No confío en los que dicen que no se arrepienten de nada. Yo lo hago de mil cosas en mil temas, incluyendo la escritura.
Porque para empezar, me arrepiento de no haber empezado antes en ella.
Que sí, que soy el tópico de: Ya desde pequeño me recuerdo escribiendo» y todas esas zarandajas, pero me refiero a no haberme dedicado seriamente mucho antes. Y es verdad que la escritura es una actividad demasiado intensiva en tiempo, demasiadas horas a solas, demasiadas palabras a ninguna parte, pero ojalá le hubiera dedicado más cuando era más joven.
También en parte porque, cuando se trataba de publicar en los tiempos en los que solamente existía el papel, había mucha menos saturación y, tanto agentes como editores, eran mucho más accesibles. No en vano, y casi sin querer o proponérmelo, entré en contacto con varios cuando mi escritura era algo que mejor no haber sacado del cajón. Pero lo cierto es que creo que me arrepiento de no haber empezado antes por un motivo mucho más egoísta: la escritura ha hecho mejor mi vida y me hubiera gustado que fuera así desde mucho antes.
También reconozco que me arrepiento un poco de no haber cuidado a las personas que he conocido por ese camino, habiendo perdido totalmente el contacto con ellas.
No me refiero a otros escritores salvo alguna excepción, pues a esos nunca los busqué y raras veces los encontré, sino a las personas que trabajaban en el sector.
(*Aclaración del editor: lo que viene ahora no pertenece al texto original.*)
lemma finite_strict_upper_bound_gap:
  fixes f :: "'b \<Rightarrow> real"
  assumes "finite S" and "\<And>x. x \<in> S \<Longrightarrow> f x < a"
  obtains \<Delta> where "\<Delta> > 0" and "\<And>x. x \<in> S \<Longrightarrow> f x + \<Delta> \<le> a"
proof (cases "S = {}")
  case True
  then show ?thesis using that[of 1] by auto
next
  case False
  define \<Delta> where "\<Delta> = Min ((\<lambda>x. a - f x) ` S)"
  have "\<Delta> \<in> (\<lambda>x. a - f x) ` S"
    unfolding \<Delta>_def using assms(1) False by (intro Min_in) auto
  then have "\<Delta> > 0" using assms(2) by auto
  moreover have "f x + \<Delta> \<le> a" if "x \<in> S" for x
    using Min_le[OF _ imageI[OF that], of "\<lambda>x. a - f x"] assms(1) by (simp add: \<Delta>_def)
  ultimately show ?thesis using that by blast
qed

lemma exp_neg_quadratic_bigo:
  fixes r :: real
  assumes "r > 0"
  shows "(\<lambda>j::nat. exp (- (r * (real j * (real j + 1) / 2)))) \<in> O(\<lambda>j. exp (- (real j powr 1.4)))"
  using assms by real_asymp

lemma load_pos:
  assumes "n \<in> {1..N}"
  shows "1 \<le> load N m n"
proof -
  have "n \<in> {k \<in> {1..N}. m k = m n}" using assms by simp
  then have "card {k \<in> {1..N}. m k = m n} > 0" by (auto simp: card_gt_0_iff)
  then show ?thesis by (simp add: load_def)
qed

section \<open>The Estimation phase\<close>

locale ene_estimation = prob_space P for P :: "'a measure" +
  fixes N M :: nat and U :: "nat \<Rightarrow> nat \<Rightarrow> real" and Umax b :: real
    and nu :: "nat \<times> nat \<times> nat \<times> nat \<Rightarrow> 'a \<Rightarrow> real"
    and c :: "nat \<times> nat \<times> nat \<Rightarrow> 'a \<Rightarrow> bool"
  assumes N_pos: "1 \<le> N" and M_pos: "1 \<le> M"
    and U_range: "\<And>n m. n \<in> {1..N} \<Longrightarrow> m \<in> {1..M} \<Longrightarrow> 0 \<le> U n m \<and> U n m \<le> Umax"
    and U1_pos: "\<And>n. n \<in> {1..N} \<Longrightarrow> 0 < U n 1"
    and noise_subg: "\<And>x. subgaussian P (nu x) b"
    and coin_meas [measurable]: "\<And>y. c y \<in> measurable P (count_space UNIV)"
    and coin_fair: "\<And>y. prob {\<omega> \<in> space P. c y \<omega>} = 1 / 2"
    and all_indep: "indep_vars (\<lambda>_. borel) (case_sum nu (\<lambda>y \<omega>. of_bool (c y \<omega>) :: real)) UNIV"
begin

abbreviation primitive_vars :: "nat \<times> nat \<times> nat \<times> nat + nat \<times> nat \<times> nat \<Rightarrow> 'a \<Rightarrow> real" where
  "primitive_vars \<equiv> case_sum nu (\<lambda>y \<omega>. of_bool (c y \<omega>))"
Había buena gente entre ellos y lo cierto es que la escritura y la publicación, como casi cualquier otra faceta humana, es un tema que va de personas. Más que por lo que hubieran podido afectar a mi supuesta carrera, es porque, en la vida, la suerte es lo más importante y una de las suertes más poderosas tiene que ver con el tiempo y el contexto en el que vives. Así, tuve la oportunidad de tener contacto, a veces más superficial y otras un poco más profundo, con editores de la vieja escuela, de los publicaban por instinto o gusto, en lugar de por mercado, o con correctores que aún creían en lo que hacían y en la belleza en general, con los que intercambiaba correos llenos de insultos como Góngoras y Quevedos de mercadillo.
Buenos tiempos, que es lo que dicen los viejos de días igual de miserables o no que estos, pero en los que eran jóvenes. Lo cierto es que muchas de esas personas se jubilaron o las retiraron, otras ya no están y de otras, simplemente, ya no tengo noticias porque el tiempo hizo lo de siempre.
La semana pasada hablaba de que una de las pocas ventajas de hacerse mayor es que las cosas te van dejando de importar de manera natural y orgánica, sin proponértelo. Me refiero a esas cosas estúpidas que antes eran un mundo y tienen que ver, sobre todo, con las opiniones de los demás y la necesidad de buscar su aprobación. Es otra cosa de la que me «arrepiento», pero no sé si es un arrepentimiento real, porque no estoy seguro de que sea evitable mientras seas humano, así que machacarse por ello no tiene más sentido que echar sal en una herida de la que no tienes culpa.
Con la perspectiva de los años, te das cuenta de que casi nada importa y eso es genial cuando estás en una broma cósmica en la que no eres nadie. Es bastante liberador darte cuenta de que viejos fantasmas ya no tienen poder sobre ti y ojalá hubiera ocurrido mucho antes, respecto a la escritura y a todo lo demás.
De todas formas, otra de las cosas que concede el tiempo es que, al menos, acabas entendiendo que los arrepentimientos son parte natural de la vida, y también una fuente de inspiración.